Although there is some mention in the record of an injury in 1964, plaintiff's hospitalization at that time appears to have been for a duodenal ulcer (Tr. 98). His applications for disability insurance benefits, however, are clearly the result of an injury which occurred in September 1970. Plaintiff was working as a steeplejack and was pulled off of a platform when a co-worker dropped a sandblasting hose. The resulting fall injured his back and left leg. Plaintiff was hospitalized on several occasions shortly after the injury and was reportedly involved in litigation with regard to the injury, which complicated diagnosis and treatment. During this period, a lumbar myelogram was done, which was negative for any defects. The ultimate diagnoses were of a chronic lumbosacral strain and a gastric ulcer. In an April 1972 hospitalization for chest pain and dyspnea it was determined that most of plaintiff's problem at that time was hyperventilation. Beta streptococcal pharyngitis and neurocirculatory asthenia were diagnosed, but plaintiff left the hospital against medical advice when he was not provided pain medication which he thought he needed (Tr. 139). The hospital and medical records for this entire period, comprising the exhibits before the Administrative Law Judge in connection with plaintiff's first application for disability insurance benefits are to be found at Tr. 69-156. They are exhaustively set out and reviewed by the Administrative Law Judge in his decision (Tr. 158-174), that plaintiff was not entitled to such benefits.

In a June 30, 1972 report (Tr. 222-223), Dr.
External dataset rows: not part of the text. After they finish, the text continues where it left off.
(* Let $x\in\widetilde X$ and let $\theta\in I^{\mathbb{N}}$ be its itinerary, where $I=\{1,\dots,N\}$. Then \[ p(\theta,n+1)\leqslant p(\theta,n)+\sum_{k=2}^N(k-1)\,\#L_n^k(\theta)\qquad\forall\, n\geqslant 1. \] If moreover $f$ satisfies the separation property, then this inequality is an equality for all $n\geqslant 1$.
   Context: Let $(X,d)$ be a compact metric space, $X_1,\dots,X_N$ ($N\geqslant 2$) non-empty pairwise disjoint open subsets with $X=\bigcup_i\overline{X_i}$, $\Delta:=\{x\in\overline{X_i}\cap\overline{X_j}:i\neq j\}$, and $f:X\to X$ a map such that each $f|_{X_i}$ admits a continuous extension $f_i:\overline{X_i}\to X$. Separation property: each $f_i$ injective and $f_i(\overline{X_i})\cap f_j(\overline{X_j})=\emptyset$ for $i\neq j$. $\widetilde X:=\bigcap_{n\geqslant 0}f^{-n}(X\setminus\Delta)$; the itinerary of $x\in\widetilde X$ is $\theta$ with $\theta_t=i$ iff $f^t(x)\in X_i$. $L_n(\theta):=\{\theta_t\dots\theta_{t+n-1}:t\geqslant 0\}$, $p(\theta,n):=\#L_n(\theta)$. For $A\subset X$ let $F_i(A):=\overline{f(A\cap X_i)}$ and $A_{i_1\dots i_n}:=F_{i_n}\circ\dots\circ F_{i_1}(X)$. For $n\geqslant1$, $k\in I$, \[ L_n^k(\theta):=\{i_1\dots i_n\in L_n(\theta):\#\{j\in I:\exists t\geqslant0 \text{ with } f^{t+n}(x)\in A_{i_1\dots i_n}\cap X_j\}=k\}. \] *)

theory Defs
  imports "HOL-Analysis.Analysis"
begin

definition Delta :: "nat \<Rightarrow> (nat \<Rightarrow> 'a::topological_space set) \<Rightarrow> 'a set" where
  "Delta N Xs = {x. \<exists>i\<in>{1..N}. \<exists>j\<in>{1..N}. i \<noteq> j \<and> x \<in> closure (Xs i) \<inter> closure (Xs j)}"

definition Xtilde :: "nat \<Rightarrow> (nat \<Rightarrow> 'a::topological_space set) \<Rightarrow> ('a \<Rightarrow> 'a) \<Rightarrow> 'a set" where
  "Xtilde N Xs f = (\<Inter>n. (f ^^ n) -` (UNIV - Delta N Xs))"
(* Let $\mu>1/2$, $0<\nu<1/2$. Let $\mathfrak F\in C^1(\mathbb{R})$ be such that $\mathfrak F'$ is even, nonnegative, and decreasing on $[0,\infty)$, and $\mathfrak F(\infty)-\mathfrak F(-\infty)=(\mu-\nu)\pi$. Then the function $x\mapsto H\mathfrak F(x)-H\mathfrak F(0)$ is even on $\mathbb{R}$ and increasing on $[0,\infty)$. Moreover, for all $y>x\ge0$, $$0\le H\mathfrak F(y)-H\mathfrak F(x)=\frac1\pi\int_x^y\frac{\mathfrak F(\gamma)-\mathfrak F(-\gamma)}{\gamma}\,d\gamma+\mathfrak R(x,y),\qquad\text{where } -2(\mu-\nu)\le\mathfrak R(x,y)\le 2(\mu-\nu).$$
   Context: Since $\mathfrak F$ does not decay at infinity, differences of its Hilbert transform are defined by $H\mathfrak F(y)-H\mathfrak F(x):=\frac1\pi\int_0^\infty\frac{\mathfrak F(y-\gamma)-\mathfrak F(y+\gamma)-\mathfrak F(x-\gamma)+\mathfrak F(x+\gamma)}{\gamma}\,d\gamma$, consistent with the Hilbert transform $Hf(x)=\frac1\pi\mathrm{p.v.}\int\frac{f(y)}{x-y}dy=\frac1\pi\int_0^\infty\frac{f(x-\gamma)-f(x+\gamma)}{\gamma}d\gamma$. *)

theory Defs
  imports "HOL-Analysis.Analysis"
begin

text \<open>Difference of Hilbert transforms, H F(y) - H F(x), as defined in the paper
  (Henstock-Kurzweil integral over (0, infinity)).\<close>
definition HFdiff :: "(real \<Rightarrow> real) \<Rightarrow> real \<Rightarrow> real \<Rightarrow> real" where
  "HFdiff F x y = (1 / pi) * integral {0<..}
     (\<lambda>\<gamma>. (F (y - \<gamma>) - F (y + \<gamma>) - F (x - \<gamma>) + F (x + \<gamma>)) / \<gamma>)"

end

theory Submission
  imports Defs
begin

(* Let F be C^1 with F' = f even, nonnegative and decreasing on [0,oo),
   and F(oo) = F 0 + K.  Then F is "sigmoid": odd about (0, F 0), increasing, concave on
   [0,oo), and F(oo) - F(-oo) = 2K.  Writing g(x,y,c) for the integrand of H F(y) - H F(x)
   and psi c = (F c - F(-c))/c, we split (0,oo) into (0,x], (x,y] and (y,oo):
   - on (0,x] and (y,oo), 0 <= g is dominated by explicit majorants (built from the
     concavity bound F b - F a <= (b-a)/a K) whose integrals are K(2/3 + ln 4) and at
     most K(1 + ln 2);
   - on (x,y], 0 <= psi - g is dominated by the sum of the same two majorants.
   Since (2/3 + ln 4) + (1 + ln 2) <= 4, the difference between pi (H F(y) - H F(x)) and
   the integral of psi over [x,y] is at most 4K = 2 (mu - nu) pi in absolute value.
   Evenness comes from the oddness of F, monotonicity from additivity in (x,y) and
   nonnegativity of g.  The file first collects general integration facts, then the
   majorants and their integrals, then the pointwise estimates for F (a locale), the
   region estimates, and finally the theorem. *)

lemma has_integral_insert_iff:
  fixes h :: "real \<Rightarrow> real"
  shows "(h has_integral I) (insert a S) \<longleftrightarrow> (h has_integral I) S"
  by (rule has_integral_spike_set_eq; rule negligible_subset[OF negligible_sing[of a]]) auto

lemma integral_bounds_by_majorant:
  fixes h U :: "real \<Rightarrow> real"
  assumes cont: "continuous_on S h" and S: "S \<in> sets lebesgue" and U: "U integrable_on S"
    and lower: "\<And>c. c \<in> S \<Longrightarrow> 0 \<le> h c" and upper: "\<And>c. c \<in> S \<Longrightarrow> h c \<le> U c"
  shows "h integrable_on S" "0 \<le> integral S h" "integral S h \<le> integral S U"
proof -
  have meas: "h \<in> borel_measurable (lebesgue_on S)"
    by (rule continuous_imp_measurable_on_sets_lebesgue[OF cont S])
  show int: "h integrable_on S"
    by (rule measurable_bounded_by_integrable_imp_integrable_real[OF meas U _ S])
       (use lower upper in force)
  show "0 \<le> integral S h" by (rule integral_nonneg[OF int lower])
  show "integral S h \<le> integral S U" by (rule integral_le[OF int U upper])
qed

lemma integrable_on_subset_nonneg:
  fixes U :: "real \<Rightarrow> real"
  assumes U: "U integrable_on T" and nonneg: "\<And>c. c \<in> T \<Longrightarrow> 0 \<le> U c"
    and sub: "S \<subseteq> T" and S: "S \<in> sets lebesgue"
  shows "U integrable_on S" "integral S U \<le> integral T U"
proof -
  have "U absolutely_integrable_on T"
    by (rule nonnegative_absolutely_integrable_1[OF U nonneg])
  then have "U absolutely_integrable_on S"
    using set_integrable_subset[OF _ S sub] by blast
  then show int: "U integrable_on S" using set_lebesgue_integral_eq_integral(1) by blast
  show "integral S U \<le> integral T U"
    by (rule integral_subset_le[OF sub int U]) (use nonneg in blast)
qed

lemma has_integral_inverse:
  fixes K a b :: real
  assumes "0 < a" "a \<le> b"
  shows "((\<lambda>c. K / c) has_integral K * (ln b - ln a)) {a..b}"
proof -
  have "((\<lambda>c. K / c) has_integral K * ln b - K * ln a) {a..b}"
  proof (rule fundamental_theorem_of_calculus[OF \<open>a \<le> b\<close>])
    fix c assume "c \<in> {a..b}"
    then have "0 < c" using assms by auto
    then have "((\<lambda>c. K * ln c) has_real_derivative K * inverse c) (at c)"
      by (intro DERIV_cmult DERIV_ln)
    then show "((\<lambda>c. K * ln c) has_vector_derivative K / c) (at c within {a..b})"
      by (simp add: has_real_derivative_iff_has_vector_derivative[symmetric]
          divide_inverse has_field_derivative_at_within)
  qed
  then show ?thesis by (simp add: right_diff_distrib)
qed

text \<open>The numerical inequality making the constants fit: (2/3 + ln 4) + (1 + ln 2) \<le> 4,
  which follows from ln 2 \<le> 7/9.\<close>
lemma majorant_constants_le_4: "(2/3 + ln 4) + (ln 2 + 1) \<le> (4::real)"
proof -
  have "1 + 7/9 + (7/9)\<^sup>2 / 2 \<le> exp (7/9::real)" by (rule exp_lower_Taylor_quadratic) simp
  then have "2 \<le> exp (7/9::real)" by (simp add: power2_eq_square)
  then have "ln 2 \<le> (7/9::real)" by (metis exp_gt_zero ln_exp ln_le_cancel_iff zero_less_numeral)
  moreover have "ln (4::real) = 2 * ln 2" using ln_mult[of 2 2] by simp
  ultimately show ?thesis by simp
qed

section \<open>Two majorants and their integrals\<close>

text \<open>Majorant near the origin, for c \<in> (0,a]: like 2K/(a - c) for small c and K/c otherwise.\<close>
definition near_majorant :: "real \<Rightarrow> real \<Rightarrow> real \<Rightarrow> real" where
  "near_majorant K a c = (if c \<le> a / 4 then 8 * K / (3 * a) else K / c)"

definition far_majorant :: "real \<Rightarrow> real \<Rightarrow> real \<Rightarrow> real \<Rightarrow> real" where
  "far_majorant K a b c = (if c \<le> a + b then K / c else (a + b) * K / c\<^sup>2)"

lemma near_majorant_nonneg: "0 \<le> K \<Longrightarrow> 0 < a \<Longrightarrow> 0 < c \<Longrightarrow> 0 \<le> near_majorant K a c"
  by (simp add: near_majorant_def)

lemma far_majorant_nonneg: "0 \<le> K \<Longrightarrow> 0 \<le> a + b \<Longrightarrow> 0 < c \<Longrightarrow> 0 \<le> far_majorant K a b c"
  by (simp add: far_majorant_def)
Robert S. Davis diagnosed a ruptured disc and depressive reaction, and indicated a work tolerance for light or sedentary work due to back pain on walking or lifting. In a report dated October 6, 1972 (Tr. 224-225), Dr. Jim H. Earls, a psychiatrist, noted that plaintiff had been hospitalized in Eastern State Hospital earlier in 1972 because of a disturbance of the peace charge and that he *864 had also been seen by a psychiatrist in Fort Smith, Arkansas. Dr. Earls tested plaintiff and determined that he would have some trouble controlling his anger and impulses and that he had an I.Q. of 88, placing him toward the lower end of normal. His conclusion was that plaintiff suffered from an impulse character disorder but was relatively free of any serious psychiatric illness and was not emotionally disabled.
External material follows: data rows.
lemma fls_A4_at_infinity_simple_pole:
  assumes "fls_A4_at_infinity \<alpha> G"
  shows "\<forall>j<5. \<forall>n < -1. G j $$ n = 0"
proof (rule fls_family_no_higher_poles)
  fix s :: int and j :: nat
  assume "s < -1" "\<forall>k<5. \<forall>n<s. G k $$ n = 0" "j < 5"
  then show "(G j * alt_sum G j) $$ (s + s) = 0"
    using fls_A4_at_infinity_nth[OF assms, of j "s + s"] by simp
qed (simp add: fls_A4_at_infinity_sum_nth[OF assms])

lemma fls_A4_at_infinity_leading:
  assumes "fls_A4_at_infinity \<alpha> G"
  shows "\<forall>j<5. G j $$ (-1) * alt_sum (\<lambda>k. G k $$ (-1)) j = 0"
    and "(\<Sum>j<5. G j $$ (-1)) = 1"
proof -
  note simple = fls_A4_at_infinity_simple_pole[OF assms]
  show "\<forall>j<5. G j $$ (-1) * alt_sum (\<lambda>k. G k $$ (-1)) j = 0"
  proof (intro allI impI)
    fix j :: nat
    assume j: "j < 5"
    have "(G j * alt_sum G j) $$ (-1 + -1) = G j $$ (-1) * alt_sum G j $$ (-1)"
      by (rule fls_times_nth_lower_bounds) (use simple j alt_sum_fls_nth_below[OF simple] in auto)
    then show "G j $$ (-1) * alt_sum (\<lambda>k. G k $$ (-1)) j = 0"
      using fls_A4_at_infinity_nth[OF assms j, of "-2"] simple j by (simp add: fls_nth_alt_sum)
  qed
  show "(\<Sum>j<5. G j $$ (-1)) = 1"
    by (simp add: fls_A4_at_infinity_sum_nth[OF assms])
qed

lemma fls_A4_at_infinity_leading_values:
  assumes "fls_A4_at_infinity \<alpha> G" and "j < 5"
  shows "G j $$ (-1) \<in> {0, 1, -1, 1/3, 1/5}"
proof -
  have "\<forall>j<5. G j $$ (-1) \<in> {0, 1, -1, 1/3, 1/5}"
    using fls_A4_at_infinity_leading[OF assms(1)] by (rule alt_sum_system_infinity)
  with assms(2) show ?thesis
    by blast
qed

lemma fls_A4_at_infinity_difference_nth:
  assumes G: "fls_A4_at_infinity \<alpha> G" and H: "fls_A4_at_infinity \<alpha> H"
    and lead: "\<And>k. k < 5 \<Longrightarrow> G k $$ (-1) = H k $$ (-1)"
    and low: "\<forall>k<5. \<forall>n<s. (G k - H k) $$ n = 0" and "0 \<le> s" and j: "j < 5"
  shows "(G j - H j) $$ s * alt_sum (\<lambda>k. G k $$ (-1)) j +
           G j $$ (-1) * alt_sum (\<lambda>k. (G k - H k) $$ s) j = 0"
proof -
  define K where "K k = G k - H k" for k
  have K_low: "\<forall>k<5. \<forall>n<s. K k $$ n = 0"
    using low unfolding K_def .
  note G_simple = fls_A4_at_infinity_simple_pole[OF G]
  note H_simple = fls_A4_at_infinity_simple_pole[OF H]
  have "fls_deriv (K j) = - fls_shift 2 (K j * alt_sum G j + H j * alt_sum K j)"
    using G H j unfolding fls_A4_at_infinity_def K_def alt_sum_diff
    by (simp add: fls_eq_iff algebra_simps)
  from arg_cong[OF this, of "\<lambda>X. X $$ (s - 3)"]
  have "(K j * alt_sum G j) $$ (s - 1) + (H j * alt_sum K j) $$ (s - 1) = - (of_int (s - 2) * K j $$ (s - 2))"
    by (simp add: algebra_simps)
  also have "\<dots> = 0"
    using K_low j by simp
  finally have "(K j * alt_sum G j) $$ (s + -1) + (H j * alt_sum K j) $$ (-1 + s) = 0"
    by simp
  moreover have "(K j * alt_sum G j) $$ (s + -1) = K j $$ s * alt_sum G j $$ (-1)"
    by (rule fls_times_nth_lower_bounds)
      (use K_low j alt_sum_fls_nth_below[OF G_simple] \<open>0 \<le> s\<close> in auto)
  moreover have "(H j * alt_sum K j) $$ (-1 + s) = H j $$ (-1) * alt_sum K j $$ s"
    by (rule fls_times_nth_lower_bounds)
      (use H_simple j alt_sum_fls_nth_below[OF K_low] in auto)
  ultimately have "K j $$ s * alt_sum (\<lambda>k. G k $$ (-1)) j + G j $$ (-1) * alt_sum (\<lambda>k. K k $$ s) j = 0"
    using lead[OF j] by (simp add: fls_nth_alt_sum)
  then show ?thesis
    unfolding K_def .
qed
Dr. John Florence, an orthopedic surgeon, in a report dated November 2, 1972 (Tr. 226) noted that plaintiff had a good range of motion of the spine when he was tricked, but refused to flex his spine or move to the right or left until he was tricked. No sensory or reflex changes or unilateral atrophy of either thigh or calf was found. The impression was of no pathology and that plaintiff could walk, stand, bend, sit, squat, lift or "do any other task that he so desires at this time."
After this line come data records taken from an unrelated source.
lemma two_point_transversal_R7:
  assumes inj: "inj_on \<psi> R7_edges" and "transversal {y, p} (R7_triangle_colours \<psi>)"
  shows "{y, p} = {\<psi> {U 1, U 2}, \<psi> {U 2, U 3}}"
proof (rule two_point_transversal)
  let ?A = "tri_edges (U 1) (U 2) (W 1)" and ?B = "tri_edges (U 1) (U 2) (W 2)"
  let ?C = "tri_edges (U 2) (U 3) (W 3)" and ?D = "tri_edges (U 2) (U 3) (W 4)"
  have sub: "?A \<union> ?B \<subseteq> R7_edges" "?C \<union> ?D \<subseteq> R7_edges" "?A \<union> ?B \<union> (?C \<union> ?D) \<subseteq> R7_edges"
    by (simp_all add: tri_edges_def R7_edges_def)
  have "\<psi> ` ?A \<inter> \<psi> ` ?B = \<psi> ` (?A \<inter> ?B)"
    using inj_on_image_Int[OF inj] sub(1) by blast
  also have "?A \<inter> ?B = {{U 1, U 2}}" by (simp add: tri_edges_def doubleton_eq_iff)
  finally show "\<psi> ` ?A \<inter> \<psi> ` ?B = {\<psi> {U 1, U 2}}" by simp
  have "\<psi> ` ?C \<inter> \<psi> ` ?D = \<psi> ` (?C \<inter> ?D)"
    using inj_on_image_Int[OF inj] sub(2) by blast
  also have "?C \<inter> ?D = {{U 2, U 3}}" by (simp add: tri_edges_def doubleton_eq_iff)
  finally show "\<psi> ` ?C \<inter> \<psi> ` ?D = {\<psi> {U 2, U 3}}" by simp
  have "(\<psi> ` ?A \<union> \<psi> ` ?B) \<inter> (\<psi> ` ?C \<union> \<psi> ` ?D) = \<psi> ` ((?A \<union> ?B) \<inter> (?C \<union> ?D))"
    using inj_on_image_Int[OF inj] sub by (simp add: image_Un)
  also have "(?A \<union> ?B) \<inter> (?C \<union> ?D) = {}" by (simp add: tri_edges_def doubleton_eq_iff)
  finally show "(\<psi> ` ?A \<union> \<psi> ` ?B) \<inter> (\<psi> ` ?C \<union> \<psi> ` ?D) = {}" by simp
qed (use assms(2) in \<open>simp add: R7_triangle_colours_def\<close>)

lemma R7_transversal_triple_outer_coloured:
  assumes "proper_edge_colouring R7_edges \<psi>" and "transversal {y, p, z} (R7_triangle_colours \<psi>)"
  shows "y \<in> \<psi> ` R7_edges \<or> z \<in> \<psi> ` R7_edges"
proof (rule ccontr)
  assume "\<not> ?thesis"
  then have "{y, p, z} \<inter> \<psi> ` R7_edges \<subseteq> {p}" by blast
  moreover have "transversal ({y, p, z} \<inter> \<psi> ` R7_edges) (R7_triangle_colours \<psi>)"
    using assms(2) R7_triangle_colours_subset by (rule transversal_Int)
  ultimately show False
    using no_singleton_transversal_R7[OF assms(1)] transversal_mono by blast
qed

lemma R7_transversal_triple_shared_edge_colour:
  assumes inj: "inj_on \<psi> R7_edges" and transv: "transversal {y, p, z} (R7_triangle_colours \<psi>)"
    and "y \<notin> \<psi> ` R7_edges \<or> z \<notin> \<psi> ` R7_edges"
  shows "y \<in> {\<psi> {U 1, U 2}, \<psi> {U 2, U 3}} \<or> z \<in> {\<psi> {U 1, U 2}, \<psi> {U 2, U 3}}"
proof -
  have "transversal ({y, p, z} \<inter> \<psi> ` R7_edges) (R7_triangle_colours \<psi>)"
    using transv R7_triangle_colours_subset by (rule transversal_Int)
  moreover have "{y, p, z} \<inter> \<psi> ` R7_edges \<subseteq> {z, p} \<or> {y, p, z} \<inter> \<psi> ` R7_edges \<subseteq> {y, p}"
    using assms(3) by blast
  ultimately have "transversal {z, p} (R7_triangle_colours \<psi>) \<or> transversal {y, p} (R7_triangle_colours \<psi>)"
    using transversal_mono by blast
  then show ?thesis using two_point_transversal_R7[OF inj] by blast
qed

lemma T10_spoke_colours_inj:
  assumes "proper_edge_colouring union_edges \<psi>"
  shows "inj_on (\<lambda>i. \<psi> {X, V i}) {1..2*10}"
  using assms by (rule proper_edge_colouring_star_inj) (simp_all add: union_edges_def T10_spoke inj_on_def)
(* Let $\mathcal{X}\subseteq\mathbb{R}^n$, $\mathcal{Y}\subseteq\mathbb{R}^m$ be closed convex sets, $f:\mathcal{X}\to\mathbb{R}$ and $g:\mathcal{Y}\to\mathbb{R}$ convex, and $\boldsymbol{\Phi}:\mathbb{R}^n\to\mathbb{R}^m$ continuously differentiable on an open set containing $\mathcal{X}$ such that $\mathbf{x}\mapsto\langle\mathbf{y},\boldsymbol{\Phi}(\mathbf{x})\rangle$ is convex on $\mathcal{X}$ for every $\mathbf{y}\in\mathcal{Y}$. Let $\mathcal{L}(\mathbf{x},\mathbf{y})=f(\mathbf{x})+\langle\mathbf{y},\boldsymbol{\Phi}(\mathbf{x})\rangle-g(\mathbf{y})$ and let $\Omega^*\subseteq\Omega$ be the (assumed nonempty) set of saddle points of $\mathcal{L}$ on $\mathcal{X}\times\mathcal{Y}$, i.e. of points $\mathbf{w}^*=(\mathbf{x}^*;\mathbf{y}^* )\in\Omega$ with $\mathcal{L}(\mathbf{x}^*,\mathbf{y})\le\mathcal{L}(\mathbf{x}^*,\mathbf{y}^* )\le\mathcal{L}(\mathbf{x},\mathbf{y}^* )$ for all $\mathbf{x}\in\mathcal{X},\mathbf{y}\in\mathcal{Y}$. Fix $\alpha\in[0,1]$, $\mathbf{w}^k=(\mathbf{x}^k;\mathbf{y}^k)\in\Omega$, $r_k>0$, $s_k>0$, and let $\tilde{\mathbf{w}}^k=(\tilde{\mathbf{x}}^k;\tilde{\mathbf{y}}^k)$ be produced by the prediction step $$\tilde{\mathbf{x}}^k\in\arg\min\Big\{\mathcal{L}(\mathbf{x},\mathbf{y}^k)+\tfrac{r_k}{2}\|\mathbf{x}-\mathbf{x}^k\|^2\ \Big|\ \mathbf{x}\in\mathcal{X}\Big\},$$ $$\tilde{\mathbf{y}}^k\in\arg\max\Big\{\mathcal{L}(\tilde{\mathbf{x}}^k,\mathbf{y})+\alpha\,\mathbf{y}^T\nabla\boldsymbol{\Phi}(\tilde{\mathbf{x}}^k)(\tilde{\mathbf{x}}^k-\mathbf{x}^k)-\tfrac{s_k}{2}\|\mathbf{y}-\mathbf{y}^k\|^2\ \Big|\ \mathbf{y}\in\mathcal{Y}\Big\},$$ and let $\mathbf{Q}_k=\begin{pmatrix} r_k\mathbf{I}_n & -\nabla\boldsymbol{\Phi}(\tilde{\mathbf{x}}^k)^T\\ -\alpha\nabla\boldsymbol{\Phi}(\tilde{\mathbf{x}}^k) & s_k\mathbf{I}_m\end{pmatrix}$. Let $\mathbf{M}_k$ be an invertible $(n+m)\times(n+m)$ matrix such that $\boldsymbol{\Sigma}_k=\mathbf{Q}_k\mathbf{M}_k^{-1}$ is symmetric positive definite and $\mathbf{G}_k=\mathbf{Q}_k^T+\mathbf{Q}_k-\mathbf{M}_k^T\boldsymbol{\Sigma}_k\mathbf{M}_k$ is positive definite, and set $\mathbf{w}^{k+1}=\mathbf{w}^k-\mathbf{M}_k(\mathbf{w}^k-\tilde{\mathbf{w}}^k)$. Then for every $\mathbf{w}^*\in\Omega^*$, $$\|\mathbf{w}^*-\mathbf{w}^{k+1}\|_{\boldsymbol{\Sigma}_k}^2\le\|\mathbf{w}^*-\mathbf{w}^k\|_{\boldsymbol{\Sigma}_k}^2-\|\mathbf{w}^k-\tilde{\mathbf{w}}^k\|_{\mathbf{G}_k}^2.$$
   Context: $\nabla\boldsymbol{\Phi}(\mathbf{x})$ is the $m\times n$ Jacobian of $\boldsymbol{\Phi}$ (entry $(i,j)$ is $\partial\phi_i/\partial x_j$). $\Omega=\mathcal{X}\times\mathcal{Y}$ and $\mathbf{w}=(\mathbf{x};\mathbf{y})$ denotes the stacked vector. For a symmetric positive (semi)definite matrix $\mathbf{H}$, $\|\mathbf{v}\|_{\mathbf{H}}^2=\mathbf{v}^T\mathbf{H}\mathbf{v}$. *)

theory Defs
  imports "HOL-Analysis.Analysis"
begin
The report of Dr. Stephen Tkach, an orthopedic surgeon, together with clinic notes covering the period May 23 through September 17, 1973, and the medical records from plaintiff's hospitalization of July 16 through July 31, 1973 (Tr. 227-238), indicate that plaintiff reported reinjuring his back picking up cross ties on April 17, 1973. A myelogram on July 17 showed a small defect at L-5, S-1. On July 27, Dr. Tkach performed a decompression laminectomy and indicated that the nerve roots were somewhat edematous and that discs were within normal limits. Plaintiff made an uneventful recovery with a slight delay in ambulation until a corset was obtained for back support. He was discharged on July 31, 1973. The hospital's progress notes for July 29 and 30 (Tr. 238) indicate, inter alia, that plaintiff apparently had a low threshold for pain and that objective evidence of pain was not impressive.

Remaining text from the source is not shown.